Directions → Below are some records. Return exactly the lines from the one containing "(* Let $n\ge1$" through the one containing "points are complex", both included, and only those.

-------- Data excerpts

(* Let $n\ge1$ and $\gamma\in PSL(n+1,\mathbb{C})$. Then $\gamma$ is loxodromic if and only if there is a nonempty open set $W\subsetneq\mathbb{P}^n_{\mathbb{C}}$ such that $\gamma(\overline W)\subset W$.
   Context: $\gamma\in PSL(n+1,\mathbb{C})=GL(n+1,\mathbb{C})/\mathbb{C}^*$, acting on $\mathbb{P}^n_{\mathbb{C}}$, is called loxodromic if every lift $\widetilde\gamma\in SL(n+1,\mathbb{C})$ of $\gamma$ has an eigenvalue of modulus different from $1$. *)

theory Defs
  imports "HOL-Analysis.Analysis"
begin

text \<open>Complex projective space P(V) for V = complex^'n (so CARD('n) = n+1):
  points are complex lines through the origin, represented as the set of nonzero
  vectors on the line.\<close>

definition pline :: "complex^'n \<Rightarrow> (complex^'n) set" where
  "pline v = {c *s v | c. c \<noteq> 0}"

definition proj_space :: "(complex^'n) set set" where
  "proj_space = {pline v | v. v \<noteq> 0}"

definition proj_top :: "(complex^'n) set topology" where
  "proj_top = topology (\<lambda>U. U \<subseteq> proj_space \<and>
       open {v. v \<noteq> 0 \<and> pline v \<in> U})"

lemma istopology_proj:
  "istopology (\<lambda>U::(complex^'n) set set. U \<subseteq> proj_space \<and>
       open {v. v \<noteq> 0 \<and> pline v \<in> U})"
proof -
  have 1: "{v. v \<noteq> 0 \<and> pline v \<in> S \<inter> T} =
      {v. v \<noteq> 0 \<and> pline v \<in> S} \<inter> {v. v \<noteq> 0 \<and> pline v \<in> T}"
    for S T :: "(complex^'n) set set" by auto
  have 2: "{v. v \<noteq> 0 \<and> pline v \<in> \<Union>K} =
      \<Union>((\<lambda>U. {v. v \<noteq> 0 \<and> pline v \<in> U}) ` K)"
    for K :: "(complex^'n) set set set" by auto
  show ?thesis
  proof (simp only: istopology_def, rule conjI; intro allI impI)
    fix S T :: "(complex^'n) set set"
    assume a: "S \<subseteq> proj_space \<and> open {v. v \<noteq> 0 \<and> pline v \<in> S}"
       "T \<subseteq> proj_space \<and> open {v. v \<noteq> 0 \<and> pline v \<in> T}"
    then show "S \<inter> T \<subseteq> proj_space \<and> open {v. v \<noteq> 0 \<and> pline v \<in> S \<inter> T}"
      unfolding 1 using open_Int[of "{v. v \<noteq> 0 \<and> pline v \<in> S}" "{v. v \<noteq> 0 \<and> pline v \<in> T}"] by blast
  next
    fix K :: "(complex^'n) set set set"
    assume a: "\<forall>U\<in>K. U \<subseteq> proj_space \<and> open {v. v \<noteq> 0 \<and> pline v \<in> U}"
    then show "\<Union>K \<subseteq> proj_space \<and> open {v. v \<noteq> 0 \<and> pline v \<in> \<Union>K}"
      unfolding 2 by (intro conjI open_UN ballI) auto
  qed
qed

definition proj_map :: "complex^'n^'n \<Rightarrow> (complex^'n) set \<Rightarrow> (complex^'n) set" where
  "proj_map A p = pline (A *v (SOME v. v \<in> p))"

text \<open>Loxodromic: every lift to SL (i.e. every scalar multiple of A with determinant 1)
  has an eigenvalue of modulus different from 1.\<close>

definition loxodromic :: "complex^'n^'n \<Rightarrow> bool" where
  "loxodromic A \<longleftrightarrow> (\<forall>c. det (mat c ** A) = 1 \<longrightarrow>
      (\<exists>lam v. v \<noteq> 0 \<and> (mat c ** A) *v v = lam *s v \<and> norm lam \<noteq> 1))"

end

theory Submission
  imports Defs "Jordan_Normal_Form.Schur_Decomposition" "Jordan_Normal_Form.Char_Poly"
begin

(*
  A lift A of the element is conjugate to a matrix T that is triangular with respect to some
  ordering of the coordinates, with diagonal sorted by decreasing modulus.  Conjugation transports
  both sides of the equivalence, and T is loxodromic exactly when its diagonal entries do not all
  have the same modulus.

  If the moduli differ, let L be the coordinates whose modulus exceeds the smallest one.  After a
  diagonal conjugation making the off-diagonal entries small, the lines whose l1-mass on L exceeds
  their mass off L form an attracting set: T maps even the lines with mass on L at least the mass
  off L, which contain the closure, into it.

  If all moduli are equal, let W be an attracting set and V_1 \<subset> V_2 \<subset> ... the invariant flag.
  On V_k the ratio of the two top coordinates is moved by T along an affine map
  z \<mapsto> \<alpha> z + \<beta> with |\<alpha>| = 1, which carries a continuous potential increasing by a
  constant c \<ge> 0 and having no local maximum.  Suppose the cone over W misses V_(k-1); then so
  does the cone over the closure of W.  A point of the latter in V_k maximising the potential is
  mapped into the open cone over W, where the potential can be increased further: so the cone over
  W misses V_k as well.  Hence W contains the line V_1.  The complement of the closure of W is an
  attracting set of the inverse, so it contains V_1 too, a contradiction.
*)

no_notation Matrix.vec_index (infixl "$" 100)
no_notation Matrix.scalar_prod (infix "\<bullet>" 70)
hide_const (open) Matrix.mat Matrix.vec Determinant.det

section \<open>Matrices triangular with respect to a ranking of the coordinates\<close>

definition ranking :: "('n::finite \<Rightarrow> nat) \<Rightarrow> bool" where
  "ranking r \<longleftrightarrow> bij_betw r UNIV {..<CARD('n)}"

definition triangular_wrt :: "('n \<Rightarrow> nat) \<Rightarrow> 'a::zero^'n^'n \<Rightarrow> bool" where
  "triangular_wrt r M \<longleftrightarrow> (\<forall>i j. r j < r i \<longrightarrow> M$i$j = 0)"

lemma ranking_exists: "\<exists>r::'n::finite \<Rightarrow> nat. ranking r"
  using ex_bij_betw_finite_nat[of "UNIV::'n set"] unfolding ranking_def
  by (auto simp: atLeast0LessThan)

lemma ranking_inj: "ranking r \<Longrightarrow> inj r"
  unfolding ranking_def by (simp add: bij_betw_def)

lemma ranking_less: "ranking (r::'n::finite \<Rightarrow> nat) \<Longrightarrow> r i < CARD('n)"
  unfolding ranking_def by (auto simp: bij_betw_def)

----------------
-------- Data excerpts

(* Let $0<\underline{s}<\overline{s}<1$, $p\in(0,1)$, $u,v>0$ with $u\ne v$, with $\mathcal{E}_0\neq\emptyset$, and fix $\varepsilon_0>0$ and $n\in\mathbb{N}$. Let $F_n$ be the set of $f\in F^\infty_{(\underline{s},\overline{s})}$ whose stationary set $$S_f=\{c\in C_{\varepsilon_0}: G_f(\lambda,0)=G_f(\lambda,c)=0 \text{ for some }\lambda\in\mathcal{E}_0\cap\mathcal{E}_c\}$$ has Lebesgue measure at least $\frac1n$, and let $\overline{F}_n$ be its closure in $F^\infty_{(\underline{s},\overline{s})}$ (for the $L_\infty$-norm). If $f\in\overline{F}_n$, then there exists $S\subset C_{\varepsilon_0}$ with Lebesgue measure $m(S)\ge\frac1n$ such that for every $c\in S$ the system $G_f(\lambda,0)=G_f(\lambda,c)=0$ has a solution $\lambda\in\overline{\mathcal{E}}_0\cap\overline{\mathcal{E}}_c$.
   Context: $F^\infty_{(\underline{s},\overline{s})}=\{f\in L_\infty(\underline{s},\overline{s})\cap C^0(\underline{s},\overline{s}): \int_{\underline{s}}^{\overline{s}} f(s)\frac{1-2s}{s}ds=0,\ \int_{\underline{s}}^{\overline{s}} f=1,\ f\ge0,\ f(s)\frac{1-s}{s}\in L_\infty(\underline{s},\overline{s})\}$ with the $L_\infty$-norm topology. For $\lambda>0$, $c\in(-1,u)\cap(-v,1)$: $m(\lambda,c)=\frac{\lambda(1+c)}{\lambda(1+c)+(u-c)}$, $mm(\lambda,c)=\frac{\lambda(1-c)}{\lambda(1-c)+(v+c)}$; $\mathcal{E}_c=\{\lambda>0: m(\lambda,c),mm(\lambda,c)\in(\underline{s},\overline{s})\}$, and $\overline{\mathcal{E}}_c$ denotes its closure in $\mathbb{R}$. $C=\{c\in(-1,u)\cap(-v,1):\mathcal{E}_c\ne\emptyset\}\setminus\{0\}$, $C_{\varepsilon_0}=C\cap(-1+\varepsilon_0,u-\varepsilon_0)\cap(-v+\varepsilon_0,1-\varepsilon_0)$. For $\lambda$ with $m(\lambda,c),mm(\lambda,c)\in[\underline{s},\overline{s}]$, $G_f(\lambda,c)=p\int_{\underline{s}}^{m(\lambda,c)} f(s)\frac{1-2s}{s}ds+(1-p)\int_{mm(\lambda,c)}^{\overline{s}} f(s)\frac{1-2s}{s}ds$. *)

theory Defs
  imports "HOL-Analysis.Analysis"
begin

----------------

Problem solution →
(* Let $n\ge1$ and $\gamma\in PSL(n+1,\mathbb{C})$. Then $\gamma$ is loxodromic if and only if there is a nonempty open set $W\subsetneq\mathbb{P}^n_{\mathbb{C}}$ such that $\gamma(\overline W)\subset W$.
   Context: $\gamma\in PSL(n+1,\mathbb{C})=GL(n+1,\mathbb{C})/\mathbb{C}^*$, acting on $\mathbb{P}^n_{\mathbb{C}}$, is called loxodromic if every lift $\widetilde\gamma\in SL(n+1,\mathbb{C})$ of $\gamma$ has an eigenvalue of modulus different from $1$. *)

theory Defs
  imports "HOL-Analysis.Analysis"
begin

text \<open>Complex projective space P(V) for V = complex^'n (so CARD('n) = n+1):
  points are complex lines through the origin, represented as the set of nonzero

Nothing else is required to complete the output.